◆ **Exercise material**
*** Block opens ***
definition psd_form :: "nat \<Rightarrow> (nat \<Rightarrow> nat \<Rightarrow> real) \<Rightarrow> bool" where
  "psd_form N M \<longleftrightarrow> (\<forall>i<N. \<forall>j<N. M i j = M j i) \<and> (\<forall>v. 0 \<le> bilin_form N M v v)"

definition trace_pair :: "nat \<Rightarrow> (nat \<Rightarrow> nat \<Rightarrow> real) \<Rightarrow> (nat \<Rightarrow> nat \<Rightarrow> real) \<Rightarrow> real" where
  "trace_pair N L M = (\<Sum>i<N. \<Sum>k<N. L i k * M k i)"

lemma bilin_form_add: "bilin_form N (\<lambda>i j. A i j + B i j) u w = bilin_form N A u w + bilin_form N B u w"
  by (simp add: bilin_form_def algebra_simps sum.distrib)

lemma bilin_form_diff: "bilin_form N (\<lambda>i j. A i j - B i j) u w = bilin_form N A u w - bilin_form N B u w"
  by (simp add: bilin_form_def algebra_simps sum_subtractf)

lemma bilin_form_divide: "bilin_form N (\<lambda>i j. A i j / c) u w = bilin_form N A u w / c"
  by (simp add: bilin_form_def sum_divide_distrib)

lemma trace_pair_add: "trace_pair N L (\<lambda>i j. A i j + B i j) = trace_pair N L A + trace_pair N L B"
  by (simp add: trace_pair_def algebra_simps sum.distrib)

lemma trace_pair_diff: "trace_pair N L (\<lambda>i j. A i j - B i j) = trace_pair N L A - trace_pair N L B"
  by (simp add: trace_pair_def algebra_simps sum_subtractf)

lemma trace_pair_divide: "trace_pair N L (\<lambda>i j. A i j / c) = trace_pair N L A / c"
  by (simp add: trace_pair_def sum_divide_distrib)

lemma bilin_form_outer: "bilin_form N (\<lambda>i j. p i * p j) v v = (\<Sum>j<N. p j * v j)\<^sup>2"
  by (simp add: bilin_form_def power2_eq_square sum_product algebra_simps)

lemma trace_pair_outer: "trace_pair N L (\<lambda>i j. q i * q j) = bilin_form N L q q"
  by (simp add: trace_pair_def bilin_form_def algebra_simps)

lemma bilin_form_commute:
  assumes "\<And>i j. i < N \<Longrightarrow> j < N \<Longrightarrow> M i j = M j i"
  shows "bilin_form N M w u = bilin_form N M u w"
  unfolding bilin_form_def using assms by (subst sum.swap) (simp add: algebra_simps)

lemma bilin_form_unit_right:
  assumes "k < N"
  shows "bilin_form N M u (\<lambda>j. if j = k then 1 else 0) = (\<Sum>i<N. u i * M i k)"
  unfolding bilin_form_def using assms by (simp add: if_distrib cong: if_cong)

lemma bilin_form_cauchy_schwarz:
  assumes "psd_form N M"
  shows "(bilin_form N M u w)\<^sup>2 \<le> bilin_form N M u u * bilin_form N M w w"
proof (rule quadratic_nonneg_imp_discrim_nonpos)
  fix t
  have "bilin_form N M (\<lambda>i. u i + t * w i) (\<lambda>i. u i + t * w i)
      = bilin_form N M u u + t * bilin_form N M w u + t * bilin_form N M u w + t\<^sup>2 * bilin_form N M w w"
    by (simp add: bilin_form_def algebra_simps power2_eq_square sum.distrib sum_distrib_left)
  also have "\<dots> = bilin_form N M u u + 2 * bilin_form N M u w * t + bilin_form N M w w * t\<^sup>2"
    using assms bilin_form_commute[of N M w u] by (simp add: psd_form_def algebra_simps)
  finally show "0 \<le> bilin_form N M u u + 2 * bilin_form N M u w * t + bilin_form N M w w * t\<^sup>2"
    using assms by (metis psd_form_def)
qed

text \<open>
  \<open>J_vec n v = J v\<close> and \<open>J_conj n M = J\<^sup>T M J\<close>, written entrywise:
  \<open>J e\<^sub>i = e\<^sub>i\<^sub>+\<^sub>n\<close> and \<open>J e\<^sub>i\<^sub>+\<^sub>n = - e\<^sub>i\<close> for \<open>i < n\<close>.
\<close>

definition cplx_swap :: "nat \<Rightarrow> nat \<Rightarrow> nat" where
  "cplx_swap n i = (if i < n then i + n else i - n)"

definition cplx_sign :: "nat \<Rightarrow> nat \<Rightarrow> real" where
  "cplx_sign n i = (if i < n then - 1 else 1)"

definition J_vec :: "nat \<Rightarrow> (nat \<Rightarrow> real) \<Rightarrow> nat \<Rightarrow> real" where
  "J_vec n v i = cplx_sign n i * v (cplx_swap n i)"

definition J_conj :: "nat \<Rightarrow> (nat \<Rightarrow> nat \<Rightarrow> real) \<Rightarrow> nat \<Rightarrow> nat \<Rightarrow> real" where
  "J_conj n M i j = cplx_sign n i * cplx_sign n j * M (cplx_swap n i) (cplx_swap n j)"

definition J_invariant :: "nat \<Rightarrow> (nat \<Rightarrow> nat \<Rightarrow> real) \<Rightarrow> bool" where
  "J_invariant n M \<longleftrightarrow> (\<forall>i<2 * n. \<forall>j<2 * n. J_conj n M i j = M i j)"

lemma cplx_swap_less: "i < 2 * n \<Longrightarrow> cplx_swap n i < 2 * n"
  by (auto simp: cplx_swap_def)
lemma KKM_type_finite_intersection:
  fixes D :: "'a::real_tvs set" and G :: "'a \<Rightarrow> 'a \<Rightarrow> 'b::zero set"
  assumes "convex D" and "KKM_type D G" and "finite K" and "K \<noteq> {}"
    and "\<And>y. y \<in> K \<Longrightarrow> closed (T y)" and zD: "\<And>y. y \<in> K \<Longrightarrow> z y \<in> D"
    and zT: "\<And>x y. y \<in> K \<Longrightarrow> x \<in> D \<Longrightarrow> 0 \<in> G (z y) x \<Longrightarrow> x \<in> T y"
  shows "D \<inter> (\<Inter>y\<in>K. T y) \<noteq> {}"
proof -
  have hull_D: "convex hull (z ` J) \<subseteq> D" if "J \<subseteq> K" for J
    using that zD \<open>convex D\<close> by (intro hull_minimal) auto
  have "convex hull (z ` K) \<inter> (\<Inter>y\<in>K. T y) \<noteq> {}"
  proof (rule KKM_tvs[OF assms(3,4,5)])
    fix J assume J: "J \<subseteq> K"
    show "convex hull (z ` J) \<subseteq> (\<Union>y\<in>J. T y)"
    proof
      fix x assume x: "x \<in> convex hull (z ` J)"
      have "finite J"
        using J \<open>finite K\<close> by (rule finite_subset)
      then have "finite (z ` J)" "z ` J \<subseteq> D"
        using J zD by auto
      then obtain y where "y \<in> J" "0 \<in> G (z y) x"
        using \<open>KKM_type D G\<close> x hull_D[OF J] unfolding KKM_type_def by blast
      then show "x \<in> (\<Union>y\<in>J. T y)"
        using zT J x hull_D[OF J] by blast
    qed
  qed
  then show ?thesis
    using hull_D by blast
qed

theorem theorem2p2:
  fixes D :: "'a::real_tvs set" and K :: "'k set"
    and F :: "'a \<Rightarrow> 'k \<Rightarrow> 'b::real_tvs set"
    and G :: "'a \<Rightarrow> 'a \<Rightarrow> 'b set"
  assumes "D \<noteq> {}" and "convex D" and "compact D" and "K \<noteq> {}"
    and "\<And>y. y \<in> K \<Longrightarrow> closedin (top_of_set D) {x \<in> D. 0 \<in> F x y}"
    and "KKM_type D G"
    and "\<And>y. y \<in> K \<Longrightarrow> \<exists>z\<in>D. \<forall>x\<in>D. 0 \<in> G z x \<longrightarrow> 0 \<in> F x y"
  shows "\<exists>xb\<in>D. \<forall>y\<in>K. 0 \<in> F xb y"
proof -
  obtain T where T: "\<And>y. y \<in> K \<Longrightarrow> closed (T y) \<and> {x \<in> D. 0 \<in> F x y} = D \<inter> T y"
    using assms(5) unfolding closedin_closed by metis
  obtain z where z: "\<And>y. y \<in> K \<Longrightarrow> z y \<in> D \<and> (\<forall>x\<in>D. 0 \<in> G (z y) x \<longrightarrow> 0 \<in> F x y)"
    using assms(7) by metis
  have "D \<inter> \<Inter>(T ` K) \<noteq> {}"
  proof (rule compact_imp_fip[OF \<open>compact D\<close>])
    show "closed S" if "S \<in> T ` K" for S
      using that T by blast
    fix Ts assume "finite Ts" "Ts \<subseteq> T ` K"
    then obtain L where L: "L \<subseteq> K" "finite L" "Ts = T ` L"
      by (metis finite_subset_image)
    show "D \<inter> \<Inter>Ts \<noteq> {}"
    proof (cases "L = {}")
      case False
      show ?thesis
        unfolding L(3)
        by (rule KKM_type_finite_intersection[OF \<open>convex D\<close> \<open>KKM_type D G\<close> L(2) False])
          (use L(1) T z in blast)+
    qed (use L(3) \<open>D \<noteq> {}\<close> in simp)
  qed
  then show ?thesis
    using T by blast
qed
*** Block closes ***
◆ **Exercise**
For the lines from the one containing "unfolding L(3)" through the end of the listing above, output each exactly and leave out the rest.

◆ **Answer space**
        unfolding L(3)
        by (rule KKM_type_finite_intersection[OF \<open>convex D\<close> \<open>KKM_type D G\<close> L(2) False])
          (use L(1) T z in blast)+
    qed (use L(3) \<open>D \<noteq> {}\<close> in simp)
  qed
  then show ?thesis
    using T by blast
qed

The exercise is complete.